Return the lines exactly as they stand, from the first of the material through the line containing "(* Continuing the".
********************
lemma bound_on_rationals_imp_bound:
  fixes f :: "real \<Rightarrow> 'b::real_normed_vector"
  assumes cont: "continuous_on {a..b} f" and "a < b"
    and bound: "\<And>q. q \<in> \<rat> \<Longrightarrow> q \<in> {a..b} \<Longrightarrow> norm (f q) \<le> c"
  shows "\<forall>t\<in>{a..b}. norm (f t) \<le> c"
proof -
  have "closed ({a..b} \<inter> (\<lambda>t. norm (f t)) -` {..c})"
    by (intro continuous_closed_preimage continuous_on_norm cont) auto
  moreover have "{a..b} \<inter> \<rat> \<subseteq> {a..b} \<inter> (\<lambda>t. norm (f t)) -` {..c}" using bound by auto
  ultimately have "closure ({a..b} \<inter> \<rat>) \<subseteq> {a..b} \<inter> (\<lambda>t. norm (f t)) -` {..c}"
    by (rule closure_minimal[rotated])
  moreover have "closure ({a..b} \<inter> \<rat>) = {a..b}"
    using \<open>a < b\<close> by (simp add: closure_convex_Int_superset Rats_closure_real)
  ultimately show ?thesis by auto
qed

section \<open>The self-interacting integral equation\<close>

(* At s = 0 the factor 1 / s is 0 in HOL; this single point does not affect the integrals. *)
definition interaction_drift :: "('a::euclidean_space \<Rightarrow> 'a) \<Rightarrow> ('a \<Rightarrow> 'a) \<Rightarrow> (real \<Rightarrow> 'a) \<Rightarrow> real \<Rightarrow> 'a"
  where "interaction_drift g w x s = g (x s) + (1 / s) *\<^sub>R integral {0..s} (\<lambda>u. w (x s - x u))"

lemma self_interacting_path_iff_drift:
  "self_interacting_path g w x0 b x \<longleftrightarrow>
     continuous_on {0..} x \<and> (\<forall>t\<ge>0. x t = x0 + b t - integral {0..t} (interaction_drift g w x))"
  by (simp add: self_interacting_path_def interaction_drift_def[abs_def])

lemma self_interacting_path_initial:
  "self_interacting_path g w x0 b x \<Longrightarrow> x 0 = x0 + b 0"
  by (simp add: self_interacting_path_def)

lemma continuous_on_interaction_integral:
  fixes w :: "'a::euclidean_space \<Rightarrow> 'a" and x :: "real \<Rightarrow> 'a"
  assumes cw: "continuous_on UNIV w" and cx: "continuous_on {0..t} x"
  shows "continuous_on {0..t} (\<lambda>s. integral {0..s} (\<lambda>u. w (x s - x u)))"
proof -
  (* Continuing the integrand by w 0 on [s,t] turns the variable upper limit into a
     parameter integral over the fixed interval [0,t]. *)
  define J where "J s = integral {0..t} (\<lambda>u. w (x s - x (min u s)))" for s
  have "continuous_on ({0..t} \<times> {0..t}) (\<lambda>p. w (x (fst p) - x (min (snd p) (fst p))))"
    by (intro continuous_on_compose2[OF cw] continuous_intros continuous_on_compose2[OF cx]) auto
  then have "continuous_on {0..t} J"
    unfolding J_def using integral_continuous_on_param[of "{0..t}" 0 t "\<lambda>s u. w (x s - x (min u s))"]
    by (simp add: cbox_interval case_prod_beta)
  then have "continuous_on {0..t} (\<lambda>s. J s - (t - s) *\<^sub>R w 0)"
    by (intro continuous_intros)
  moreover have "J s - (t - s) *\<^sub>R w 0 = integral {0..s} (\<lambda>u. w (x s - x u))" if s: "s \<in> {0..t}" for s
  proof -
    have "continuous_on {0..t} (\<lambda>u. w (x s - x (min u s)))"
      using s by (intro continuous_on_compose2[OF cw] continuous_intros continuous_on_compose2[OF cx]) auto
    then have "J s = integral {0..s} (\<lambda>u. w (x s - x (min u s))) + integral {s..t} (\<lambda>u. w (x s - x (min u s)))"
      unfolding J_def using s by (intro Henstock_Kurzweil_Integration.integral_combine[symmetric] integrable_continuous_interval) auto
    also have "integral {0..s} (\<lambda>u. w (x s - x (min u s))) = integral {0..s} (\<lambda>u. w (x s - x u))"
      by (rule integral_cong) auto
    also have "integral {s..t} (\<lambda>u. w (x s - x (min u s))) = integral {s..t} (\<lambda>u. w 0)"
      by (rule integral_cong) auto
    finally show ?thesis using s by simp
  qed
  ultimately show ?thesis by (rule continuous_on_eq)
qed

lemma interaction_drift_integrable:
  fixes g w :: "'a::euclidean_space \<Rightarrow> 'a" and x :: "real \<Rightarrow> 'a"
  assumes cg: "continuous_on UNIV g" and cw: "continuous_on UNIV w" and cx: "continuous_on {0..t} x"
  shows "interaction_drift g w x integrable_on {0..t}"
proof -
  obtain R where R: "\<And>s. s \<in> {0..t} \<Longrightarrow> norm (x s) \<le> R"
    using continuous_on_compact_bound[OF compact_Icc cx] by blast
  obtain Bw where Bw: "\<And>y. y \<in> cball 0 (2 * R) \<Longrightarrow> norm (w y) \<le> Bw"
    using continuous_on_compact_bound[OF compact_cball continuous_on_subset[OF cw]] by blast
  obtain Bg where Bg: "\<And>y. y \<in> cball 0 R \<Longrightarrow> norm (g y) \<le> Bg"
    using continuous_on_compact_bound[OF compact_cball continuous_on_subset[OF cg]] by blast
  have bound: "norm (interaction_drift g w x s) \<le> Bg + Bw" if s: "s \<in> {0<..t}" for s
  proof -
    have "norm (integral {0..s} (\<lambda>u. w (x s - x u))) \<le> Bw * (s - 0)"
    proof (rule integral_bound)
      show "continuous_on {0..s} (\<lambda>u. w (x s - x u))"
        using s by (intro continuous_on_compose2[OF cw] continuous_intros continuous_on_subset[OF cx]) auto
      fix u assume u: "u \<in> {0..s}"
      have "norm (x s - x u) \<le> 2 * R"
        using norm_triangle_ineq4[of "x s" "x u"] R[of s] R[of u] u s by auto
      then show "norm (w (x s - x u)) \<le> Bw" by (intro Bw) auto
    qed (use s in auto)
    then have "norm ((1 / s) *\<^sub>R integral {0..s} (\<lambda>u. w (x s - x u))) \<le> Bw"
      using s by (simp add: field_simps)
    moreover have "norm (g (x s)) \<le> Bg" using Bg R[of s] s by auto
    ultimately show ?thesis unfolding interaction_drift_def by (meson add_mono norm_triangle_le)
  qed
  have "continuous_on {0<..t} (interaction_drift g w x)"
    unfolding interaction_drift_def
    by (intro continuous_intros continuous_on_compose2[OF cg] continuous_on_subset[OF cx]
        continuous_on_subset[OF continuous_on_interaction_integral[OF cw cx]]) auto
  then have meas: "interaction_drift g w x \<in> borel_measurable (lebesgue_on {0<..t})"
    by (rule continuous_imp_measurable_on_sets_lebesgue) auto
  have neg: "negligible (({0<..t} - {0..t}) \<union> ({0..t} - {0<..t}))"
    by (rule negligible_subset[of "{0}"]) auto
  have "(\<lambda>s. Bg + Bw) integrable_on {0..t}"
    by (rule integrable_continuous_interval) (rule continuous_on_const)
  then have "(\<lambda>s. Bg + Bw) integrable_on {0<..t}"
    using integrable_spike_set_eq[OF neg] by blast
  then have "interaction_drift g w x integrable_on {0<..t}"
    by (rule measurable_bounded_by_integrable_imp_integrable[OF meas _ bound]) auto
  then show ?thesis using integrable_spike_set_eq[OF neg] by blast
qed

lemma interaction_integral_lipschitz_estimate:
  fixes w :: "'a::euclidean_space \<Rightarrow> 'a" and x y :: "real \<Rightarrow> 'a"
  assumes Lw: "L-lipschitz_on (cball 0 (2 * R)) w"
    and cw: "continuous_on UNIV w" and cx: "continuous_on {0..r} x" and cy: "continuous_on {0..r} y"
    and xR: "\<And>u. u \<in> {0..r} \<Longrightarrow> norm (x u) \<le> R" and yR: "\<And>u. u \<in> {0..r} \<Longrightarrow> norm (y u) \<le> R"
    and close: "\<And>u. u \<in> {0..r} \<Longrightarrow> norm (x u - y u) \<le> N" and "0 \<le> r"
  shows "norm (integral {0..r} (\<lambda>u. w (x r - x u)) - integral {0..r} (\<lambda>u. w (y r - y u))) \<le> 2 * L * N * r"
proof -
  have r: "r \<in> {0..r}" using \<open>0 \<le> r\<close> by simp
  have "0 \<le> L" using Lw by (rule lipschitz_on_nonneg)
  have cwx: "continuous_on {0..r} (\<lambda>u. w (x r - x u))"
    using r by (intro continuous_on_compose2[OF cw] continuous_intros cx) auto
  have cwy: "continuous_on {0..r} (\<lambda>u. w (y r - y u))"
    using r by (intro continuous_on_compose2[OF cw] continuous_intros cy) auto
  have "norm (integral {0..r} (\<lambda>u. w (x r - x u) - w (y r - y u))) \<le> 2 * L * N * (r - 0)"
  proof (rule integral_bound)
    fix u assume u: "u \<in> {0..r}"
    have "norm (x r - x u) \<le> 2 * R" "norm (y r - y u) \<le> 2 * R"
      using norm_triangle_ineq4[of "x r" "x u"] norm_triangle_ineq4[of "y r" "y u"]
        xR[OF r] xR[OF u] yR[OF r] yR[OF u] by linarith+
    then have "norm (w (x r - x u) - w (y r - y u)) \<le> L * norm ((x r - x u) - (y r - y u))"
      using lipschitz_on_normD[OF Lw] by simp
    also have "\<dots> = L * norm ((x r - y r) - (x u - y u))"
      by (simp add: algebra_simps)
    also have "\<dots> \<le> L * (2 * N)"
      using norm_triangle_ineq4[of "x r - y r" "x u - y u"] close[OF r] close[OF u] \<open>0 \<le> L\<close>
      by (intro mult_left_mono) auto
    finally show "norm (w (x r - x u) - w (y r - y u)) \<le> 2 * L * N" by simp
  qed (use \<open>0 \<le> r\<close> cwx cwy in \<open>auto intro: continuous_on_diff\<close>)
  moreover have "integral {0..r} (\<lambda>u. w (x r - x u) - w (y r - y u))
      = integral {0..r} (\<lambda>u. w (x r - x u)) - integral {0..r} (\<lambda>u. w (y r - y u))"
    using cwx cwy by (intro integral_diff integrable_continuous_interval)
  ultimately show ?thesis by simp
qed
********************
### Completed exercise
lemma bound_on_rationals_imp_bound:
  fixes f :: "real \<Rightarrow> 'b::real_normed_vector"
  assumes cont: "continuous_on {a..b} f" and "a < b"
    and bound: "\<And>q. q \<in> \<rat> \<Longrightarrow> q \<in> {a..b} \<Longrightarrow> norm (f q) \<le> c"
  shows "\<forall>t\<in>{a..b}. norm (f t) \<le> c"
proof -
  have "closed ({a..b} \<inter> (\<lambda>t. norm (f t)) -` {..c})"
    by (intro continuous_closed_preimage continuous_on_norm cont) auto
  moreover have "{a..b} \<inter> \<rat> \<subseteq> {a..b} \<inter> (\<lambda>t. norm (f t)) -` {..c}" using bound by auto
  ultimately have "closure ({a..b} \<inter> \<rat>) \<subseteq> {a..b} \<inter> (\<lambda>t. norm (f t)) -` {..c}"
    by (rule closure_minimal[rotated])
  moreover have "closure ({a..b} \<inter> \<rat>) = {a..b}"
    using \<open>a < b\<close> by (simp add: closure_convex_Int_superset Rats_closure_real)
  ultimately show ?thesis by auto
qed

section \<open>The self-interacting integral equation\<close>

(* At s = 0 the factor 1 / s is 0 in HOL; this single point does not affect the integrals. *)
definition interaction_drift :: "('a::euclidean_space \<Rightarrow> 'a) \<Rightarrow> ('a \<Rightarrow> 'a) \<Rightarrow> (real \<Rightarrow> 'a) \<Rightarrow> real \<Rightarrow> 'a"
  where "interaction_drift g w x s = g (x s) + (1 / s) *\<^sub>R integral {0..s} (\<lambda>u. w (x s - x u))"

lemma self_interacting_path_iff_drift:
  "self_interacting_path g w x0 b x \<longleftrightarrow>
     continuous_on {0..} x \<and> (\<forall>t\<ge>0. x t = x0 + b t - integral {0..t} (interaction_drift g w x))"
  by (simp add: self_interacting_path_def interaction_drift_def[abs_def])

lemma self_interacting_path_initial:
  "self_interacting_path g w x0 b x \<Longrightarrow> x 0 = x0 + b 0"
  by (simp add: self_interacting_path_def)

lemma continuous_on_interaction_integral:
  fixes w :: "'a::euclidean_space \<Rightarrow> 'a" and x :: "real \<Rightarrow> 'a"
  assumes cw: "continuous_on UNIV w" and cx: "continuous_on {0..t} x"
  shows "continuous_on {0..t} (\<lambda>s. integral {0..s} (\<lambda>u. w (x s - x u)))"
proof -
  (* Continuing the integrand by w 0 on [s,t] turns the variable upper limit into a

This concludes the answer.